Search code examples
c++cudanvcc

__CUDA__ undefined when running nvcc in for a .cu file


I am trying to compile a .cu file which includes a .cuh file with a templated device function using nvcc. That same .cuh file is also included from a .cpp, so I am trying to prevent the templated device function to be visible from the .cpp side. To do so I am using

foo.cuh

#if defined(__CUDA__) && defined(__CUDA_ARCH__)

template <typename T>
__device__ void foo(){...}
#endif

However, when I try to use the device function from a kernel, it says the function doesn't exist while compiling the .cu.

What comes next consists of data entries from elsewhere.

definition taylor_rem :: "'v \<Rightarrow> 'v \<Rightarrow> 'w" where
  "taylor_rem p q = f (p + q) - f p - Df p q"

lemma deriv_shift: "((\<lambda>w. f (p + w)) has_derivative blinfun_apply (Df (p + w))) (at w)"
  using has_derivative_compose[OF has_derivative_add[OF has_derivative_const has_derivative_ident] deriv]
  by simp

lemma norm_taylor_rem_le:
  assumes "norm p \<le> R" "norm (p + q) \<le> R"
  shows "norm (taylor_rem p q) \<le> \<kappa> * norm q powr b * norm q"
proof -
  have "norm (f (p + q) - f (p + 0) - Df p (q - 0)) \<le> \<kappa> * norm q powr b * norm (q - 0)"
  proof (rule differentiable_bound_blinfun[OF deriv_shift])
    fix w assume w: "w \<in> closed_segment 0 q"
    have "norm (p + w) \<le> R" using norm_translate_segment_le[of p 0 R q w] assms w by simp
    moreover have "norm w \<le> norm q" using segment_bound(1)[OF w] by simp
    moreover have "\<kappa> * norm w powr b \<le> \<kappa> * norm q powr b"
      using \<open>norm w \<le> norm q\<close> kappa b by (intro mult_left_mono powr_mono2) auto
    ultimately show "norm (Df (p + w) - Df p) \<le> \<kappa> * norm q powr b"
      using hoelder[OF _ assms(1), of "p + w"] by simp
  qed
  then show ?thesis unfolding taylor_rem_def by simp
qed

lemma norm_taylor_rem_diff_base_le:
  assumes "norm p \<le> R" "norm (p + q) \<le> R" "norm p' \<le> R" "norm (p' + q) \<le> R"
  shows "norm (taylor_rem p q - taylor_rem p' q) \<le> 2 * \<kappa> * norm (p - p') powr b * norm q"
proof -
  have "norm ((f (p + q) - f (p' + q)) - (f (p + 0) - f (p' + 0)) - (Df p - Df p') (q - 0))
      \<le> 2 * \<kappa> * norm (p - p') powr b * norm (q - 0)"
  proof (rule differentiable_bound_blinfun)
    fix w assume w: "w \<in> closed_segment 0 q"
    show "((\<lambda>w. f (p + w) - f (p' + w)) has_derivative blinfun_apply (Df (p + w) - Df (p' + w))) (at w)"
    proof -
      have "blinfun_apply (Df (p + w) - Df (p' + w)) = (\<lambda>v. Df (p + w) v - Df (p' + w) v)"
        by (rule ext) (simp add: blinfun.diff_left)
      then show ?thesis using has_derivative_diff[OF deriv_shift[of p w] deriv_shift[of p' w]] by simp
    qed
    have "norm (p + w) \<le> R" "norm (p' + w) \<le> R"
      using norm_translate_segment_le[OF _ _ w] assms by simp_all
    then have "norm (Df (p + w) - Df (p' + w)) + norm (Df p - Df p') \<le> 2 * \<kappa> * norm (p - p') powr b"
      using hoelder[of "p + w" "p' + w"] hoelder[OF assms(1,3)] by simp
    then show "norm (Df (p + w) - Df (p' + w) - (Df p - Df p')) \<le> 2 * \<kappa> * norm (p - p') powr b"
      using norm_triangle_ineq4 order_trans by blast
  qed
  then show ?thesis unfolding taylor_rem_def by (simp add: blinfun.diff_left algebra_simps)
qed

lemma norm_taylor_rem_diff_incr_le:
  assumes "norm p \<le> R" "norm (p + q) \<le> R" "norm (p + q') \<le> R" "norm q \<le> m" "norm q' \<le> m"
  shows "norm (taylor_rem p q - taylor_rem p q') \<le> \<kappa> * m powr b * norm (q - q')"
proof -
  have "norm (f (p + q) - f (p + q') - Df p (q - q')) \<le> \<kappa> * m powr b * norm (q - q')"
  proof (rule differentiable_bound_blinfun[OF deriv_shift])
    fix w assume w: "w \<in> closed_segment q' q"
    have "norm (p + w) \<le> R" using norm_translate_segment_le[OF assms(3,2) w] .
    moreover have "norm w \<le> m" using norm_translate_segment_le[of 0 q' m q w] assms(4,5) w by simp
    moreover have "\<kappa> * norm w powr b \<le> \<kappa> * m powr b"
      using calculation(2) kappa b by (intro mult_left_mono powr_mono2) auto
    ultimately show "norm (Df (p + w) - Df p) \<le> \<kappa> * m powr b"
      using hoelder[OF _ assms(1), of "p + w"] by simp
  qed
  then show ?thesis unfolding taylor_rem_def by (simp add: blinfun.diff_right algebra_simps)
qed

lemma norm_taylor_rem_diff_base_interpolated:
  assumes "norm p \<le> R" "norm (p + q) \<le> R" "norm p' \<le> R" "norm (p' + q) \<le> R" "0 \<le> \<rho>" "\<rho> \<le> b"
  shows "norm (taylor_rem p q - taylor_rem p' q)
    \<le> 2 * \<kappa> * (norm q * norm q powr \<rho>) * norm (p - p') powr (b - \<rho>)"
proof -
  let ?D = "norm (taylor_rem p q - taylor_rem p' q)"
  have "?D \<le> norm (taylor_rem p q) + norm (taylor_rem p' q)" by (rule norm_triangle_ineq4)
  also have "\<dots> \<le> 2 * \<kappa> * norm q * norm q powr b"
    using norm_taylor_rem_le[OF assms(1,2)] norm_taylor_rem_le[OF assms(3,4)] by (simp add: mult_ac)
  finally have "?D \<le> 2 * \<kappa> * norm q * norm q powr b" .
  moreover have "?D \<le> 2 * \<kappa> * norm q * norm (p - p') powr b"
    using norm_taylor_rem_diff_base_le[OF assms(1-4)] by (simp add: mult_ac)
  ultimately have "?D \<le> 2 * \<kappa> * norm q * ((norm q powr b) powr (\<rho> / b) * (norm (p - p') powr b) powr (1 - \<rho> / b))"
    using kappa assms(5,6) b by (intro le_powr_interpolation) auto
  also have "(norm q powr b) powr (\<rho> / b) = norm q powr \<rho>" using b by (simp add: powr_powr)
  also have "(norm (p - p') powr b) powr (1 - \<rho> / b) = norm (p - p') powr (b - \<rho>)"
    using b by (simp add: powr_powr algebra_simps)
  finally show ?thesis by (simp add: mult_ac)
qed

end

section \<open>The integral along a fixed Hoelder path\<close>

lemma field_hoelder_locE:
  fixes A :: "real \<Rightarrow> 'v::real_normed_vector \<Rightarrow> 'w::real_normed_vector"
  assumes "field_hoelder_loc T a b A DA" "R > 0" "T > 0"
  obtains C where "C \<ge> 0"
    "\<And>s t z. 0 \<le> s \<Longrightarrow> s \<le> t \<Longrightarrow> t \<le> T \<Longrightarrow> norm z \<le> R \<Longrightarrow>
      norm (A t z - A s z) \<le> C * (t - s) powr a"
    "\<And>s t z. 0 \<le> s \<Longrightarrow> s \<le> t \<Longrightarrow> t \<le> T \<Longrightarrow> norm z \<le> R \<Longrightarrow>
      norm (DA t z - DA s z) \<le> C * (t - s) powr a"
    "\<And>s t z z'. 0 \<le> s \<Longrightarrow> s \<le> t \<Longrightarrow> t \<le> T \<Longrightarrow> norm z \<le> R \<Longrightarrow> norm z' \<le> R \<Longrightarrow>
      norm ((A t z - A s z) - (A t z' - A s z')) \<le> C * (t - s) powr a * norm (z - z') powr b"
    "\<And>s t z z'. 0 \<le> s \<Longrightarrow> s \<le> t \<Longrightarrow> t \<le> T \<Longrightarrow> norm z \<le> R \<Longrightarrow> norm z' \<le> R \<Longrightarrow>
      norm ((DA t z - DA s z) - (DA t z' - DA s z')) \<le> C * (t - s) powr a * norm (z - z') powr b"
proof -
  obtain C where C: "\<forall>s t. 0 \<le> s \<and> s < t \<and> t \<le> T \<longrightarrow>
        (\<forall>z z'. norm z \<le> R \<and> norm z' \<le> R \<and> z \<noteq> z' \<longrightarrow>
            norm ((A t z - A s z) - (A t z' - A s z')) \<le> C * (t - s) powr a * norm (z - z') powr b
          \<and> norm ((DA t z - DA s z) - (DA t z' - DA s z')) \<le> C * (t - s) powr a * norm (z - z') powr b)
      \<and> (\<forall>z. norm z \<le> R \<longrightarrow>
            norm (A t z - A s z) \<le> C * (t - s) powr a \<and> norm (DA t z - DA s z) \<le> C * (t - s) powr a)"
    using mp[OF conjunct2[OF conjunct2[OF assms(1)[unfolded field_hoelder_loc_def]], THEN spec[of _ R]] assms(2)]
    by (elim exE)
  have C_st: "(\<forall>z z'. norm z \<le> R \<and> norm z' \<le> R \<and> z \<noteq> z' \<longrightarrow>
            norm ((A t z - A s z) - (A t z' - A s z')) \<le> C * (t - s) powr a * norm (z - z') powr b
          \<and> norm ((DA t z - DA s z) - (DA t z' - DA s z')) \<le> C * (t - s) powr a * norm (z - z') powr b)
      \<and> (\<forall>z. norm z \<le> R \<longrightarrow>
            norm (A t z - A s z) \<le> C * (t - s) powr a \<and> norm (DA t z - DA s z) \<le> C * (t - s) powr a)"
    if "0 \<le> s" "s < t" "t \<le> T" for s t
    using mp[OF spec[OF spec[OF C, of s], of t]] that by blast
  have incr: "norm (A t z - A s z) \<le> C * (t - s) powr a \<and> norm (DA t z - DA s z) \<le> C * (t - s) powr a"
    if "0 \<le> s" "s \<le> t" "t \<le> T" "norm z \<le> R" for s t z
  proof (cases "s = t")
    case False
    then show ?thesis using conjunct2[OF C_st, rule_format] that by simp
  qed simp
  have diff: "norm ((A t z - A s z) - (A t z' - A s z')) \<le> C * (t - s) powr a * norm (z - z') powr b
      \<and> norm ((DA t z - DA s z) - (DA t z' - DA s z')) \<le> C * (t - s) powr a * norm (z - z') powr b"
    if "0 \<le> s" "s \<le> t" "t \<le> T" "norm z \<le> R" "norm z' \<le> R" for s t z z'
  proof (cases "s = t \<or> z = z'")
    case False
    then show ?thesis using conjunct1[OF C_st, rule_format] that by simp
  qed auto
  have "0 \<le> C * T powr a"
    using incr[of 0 T 0] assms(2,3) norm_ge_zero[of "A T 0 - A 0 0"] by (simp, linarith)
  then have "C \<ge> 0" using assms(3) by (simp add: zero_le_mult_iff)
  then show thesis using that incr diff by blast
qed

(* R bounds x_s + y_t for every perturbation y of Hoelder norm at most 1. *)
locale field_along_path =
  fixes T a b g R C :: real
    and A :: "real \<Rightarrow> 'v::banach \<Rightarrow> 'w::banach" and DA :: "real \<Rightarrow> 'v \<Rightarrow> ('v \<Rightarrow>\<^sub>L 'w)"
    and x :: "real \<Rightarrow> 'v"
  assumes T: "T > 0" and a: "0 < a" "a < 1" and b: "0 < b" "b < 1" and g: "0 < g"
    and abg: "a + b * g > 1"
    and deriv: "\<And>t z. 0 \<le> t \<Longrightarrow> t \<le> T \<Longrightarrow> (A t has_derivative blinfun_apply (DA t z)) (at z)"
    and x_hoelder: "hoelder_path g T x"
    and R: "\<And>t. 0 \<le> t \<Longrightarrow> t \<le> T \<Longrightarrow> norm (x t) + 1 \<le> R"
    and C: "C \<ge> 0"
    and A_incr: "\<And>s t z. 0 \<le> s \<Longrightarrow> s \<le> t \<Longrightarrow> t \<le> T \<Longrightarrow> norm z \<le> R \<Longrightarrow>
      norm (A t z - A s z) \<le> C * (t - s) powr a"
    and DA_incr: "\<And>s t z. 0 \<le> s \<Longrightarrow> s \<le> t \<Longrightarrow> t \<le> T \<Longrightarrow> norm z \<le> R \<Longrightarrow>
      norm (DA t z - DA s z) \<le> C * (t - s) powr a"
    and A_hoelder: "\<And>s t z z'. 0 \<le> s \<Longrightarrow> s \<le> t \<Longrightarrow> t \<le> T \<Longrightarrow> norm z \<le> R \<Longrightarrow> norm z' \<le> R \<Longrightarrow>
      norm ((A t z - A s z) - (A t z' - A s z')) \<le> C * (t - s) powr a * norm (z - z') powr b"
    and DA_hoelder: "\<And>s t z z'. 0 \<le> s \<Longrightarrow> s \<le> t \<Longrightarrow> t \<le> T \<Longrightarrow> norm z \<le> R \<Longrightarrow> norm z' \<le> R \<Longrightarrow>
      norm ((DA t z - DA s z) - (DA t z' - DA s z')) \<le> C * (t - s) powr a * norm (z - z') powr b"
begin

abbreviation "X \<equiv> hoelder_norm g T x"

(* theta lies strictly between 1 and a + bg; rho is chosen so that a + g (b - rho) = theta,
   which leaves a factor |y|^rho to spare in the remainder estimate. *)
definition \<theta> :: real where "\<theta> = (1 + a + b * g) / 2"
definition \<rho> :: real where "\<rho> = (a + b * g - 1) / (2 * g)"

lemma exponents:
  shows "\<theta> > 1" "a \<le> \<theta>" "\<theta> \<le> a + g * b" "\<theta> \<le> a + g" "\<rho> > 0" "\<rho> < b" "a + g * (b - \<rho>) = \<theta>"
proof -
  show "\<theta> > 1" "a \<le> \<theta>" "\<theta> \<le> a + g * b" unfolding \<theta>_def using abg a by (auto simp: algebra_simps)
  have "b * g < g" using b g by simp
  then show "\<theta> \<le> a + g" unfolding \<theta>_def using abg by (auto simp: algebra_simps)
  show "\<rho> > 0" unfolding \<rho>_def using abg g by simp
  have "a + b * g - 1 < 2 * g * b" using a b g by (simp add: algebra_simps) (smt (verit) mult_pos_pos)
  then show "\<rho> < b" unfolding \<rho>_def using g by (simp add: divide_less_eq algebra_simps)
  show "a + g * (b - \<rho>) = \<theta>" unfolding \<rho>_def \<theta>_def using g by (simp add: field_simps)
qed

lemma X_nonneg: "X \<ge> 0"
  using hoelder_norm_nonneg[OF x_hoelder T] .

lemma x_bounds:
  assumes "0 \<le> s" "s \<le> u" "u \<le> T"
  shows "norm (x s) \<le> R" "norm (x s - x u) \<le> X * (u - s) powr g"
  using R[of s] norm_diff_le_hoelder_norm[OF x_hoelder T assms] assms
  by (simp_all add: norm_minus_commute)
(* Let $(\vdash,\overline{\cdot},\widehat{\cdot})$ be a setting satisfying Pre-Relevance, let $\mathcal{S},\mathcal{S}'\subseteq\mathcal{L}$ with $\mathcal{S}\mid\mathcal{S}'$, let $\mathcal{E}$ be a preferred extension of $\mathcal{AF}_{\vdash}(\mathcal{S}\cup\mathcal{S}')$ and $\mathcal{E}_1=\mathcal{E}\cap\mathit{Arg}_{\vdash}(\mathcal{S})$. Then $\mathcal{E}_1$ is a preferred extension of $\mathcal{AF}_{\vdash}(\mathcal{S})$.
   Context: $\mathcal{L}$ is the set of formulas of a language built from propositional atoms; $\mathsf{Atoms}(\mathcal{S})$ is the set of atoms occurring in $\mathcal{S}$, and $\mathcal{S}_1\mid\mathcal{S}_2$ means $\mathsf{Atoms}(\mathcal{S}_1)\cap\mathsf{Atoms}(\mathcal{S}_2)=\emptyset$. A setting is $(\vdash,\overline{\cdot},\widehat{\cdot})$ with ${\vdash}\subseteq\wp_{\sf fin}(\mathcal{L})\times\mathcal{L}$ arbitrary, $\overline{\cdot}:\mathcal{L}\to\wp(\mathcal{L})$, $\widehat{\cdot}$ assigning to each nonempty finite set a finite set of formulas, with $\widehat{\emptyset}=\emptyset$. $\mathit{Arg}_{\vdash}(\mathcal{S})=\{(\Gamma,\gamma):\Gamma\subseteq\mathcal{S}\text{ finite},\Gamma\vdash\gamma\}$; $\mathcal{AF}_{\vdash}(\mathcal{S})$ is the attack graph on it where $(\Gamma,\gamma)$ attacks $(\Gamma',\gamma')$ iff $\gamma\in\overline{\phi}$ for some $\phi\in\widehat{\Gamma'}$. Complete extension = conflict-free set defending each member (every attacker of a member is attacked by a member) and containing every argument it defends; preferred = $\subseteq$-maximal complete. Pre-Relevance of the setting: (a) for all $\mathcal{S}_1,\mathcal{S}_2,\phi$ with $\mathcal{S}_1\cup\{\phi\}\mid\mathcal{S}_2$, $\mathcal{S}_1\cup\mathcal{S}_2\vdash\phi$ implies $\mathcal{S}_1'\vdash\phi$ for some $\mathcal{S}_1'\subseteq\mathcal{S}_1$; (b) primeness: for all sets of atoms $\mathcal{A}_1\mid\mathcal{A}_2$, all finite $\mathcal{S}_1,\mathcal{T}_1,\mathcal{S}_2,\mathcal{T}_2$ with $\mathsf{Atoms}(\mathcal{S}_i),\mathsf{Atoms}(\mathcal{T}_i)\subseteq\mathcal{A}_i$, and all $\phi,\psi$ with $\psi\in\overline{\phi}$, $\phi\in\widehat{\mathcal{T}_1\cup\mathcal{T}_2}$: if $\mathcal{S}_1\cup\mathcal{S}_2\vdash\psi$ then there are $i\in\{1,2\}$, $\mathcal{S}_i'\subseteq\mathcal{S}_i$, $\phi_i\in\widehat{\mathcal{T}_i}$, $\psi_i\in\overline{\phi_i}$ with $\mathcal{S}_i'\vdash\psi_i$; (c) $\widehat{\Delta}\subseteq\widehat{\Delta\cup\Delta'}$ for all finite $\Delta,\Delta'$. *)

theory Defs
  imports Main
begin

definition Atoms :: "('f \<Rightarrow> 'a set) \<Rightarrow> 'f set \<Rightarrow> 'a set" where
  "Atoms atoms S = (\<Union>x\<in>S. atoms x)"

definition indep :: "('f \<Rightarrow> 'a set) \<Rightarrow> 'f set \<Rightarrow> 'f set \<Rightarrow> bool" where
  "indep atoms S1 S2 \<longleftrightarrow> Atoms atoms S1 \<inter> Atoms atoms S2 = {}"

The .cu compiles fine if I remove the __CUDA__ check, but in that case it fails later, when compiling the .cpp file.

Am I missing something in the check?


Solution

  • There is no __CUDA__ macro defined by nvcc. Therefore, unless you defined it somewhere using your own methodology (?) your #if directive will always be skipped.

    Perhaps you want __CUDACC__?

    example:

    $ cat test.cuh
    #ifdef __CUDACC__
    __device__ void foo(){};
    #endif
    
    void f();
    
    $ cat main.cpp
    #include <test.cuh>
    
    int main(){
      f();
    }
    $ cat test.cu
    #include <test.cuh>
    __global__ void k(){foo();}
    
    void f(){
    
      k<<<1,1>>>();
      cudaDeviceSynchronize();
    }
    $ nvcc -I. -o test test.cu main.cpp
    $ g++  -I. -c main.cpp
    $ nvcc -I. -o test test.cu main.o
    $ compute-sanitizer ./test
    ========= COMPUTE-SANITIZER
    ========= ERROR SUMMARY: 0 errors
    $
    

    (the __CUDA_ARCH__ macro is not needed here either.)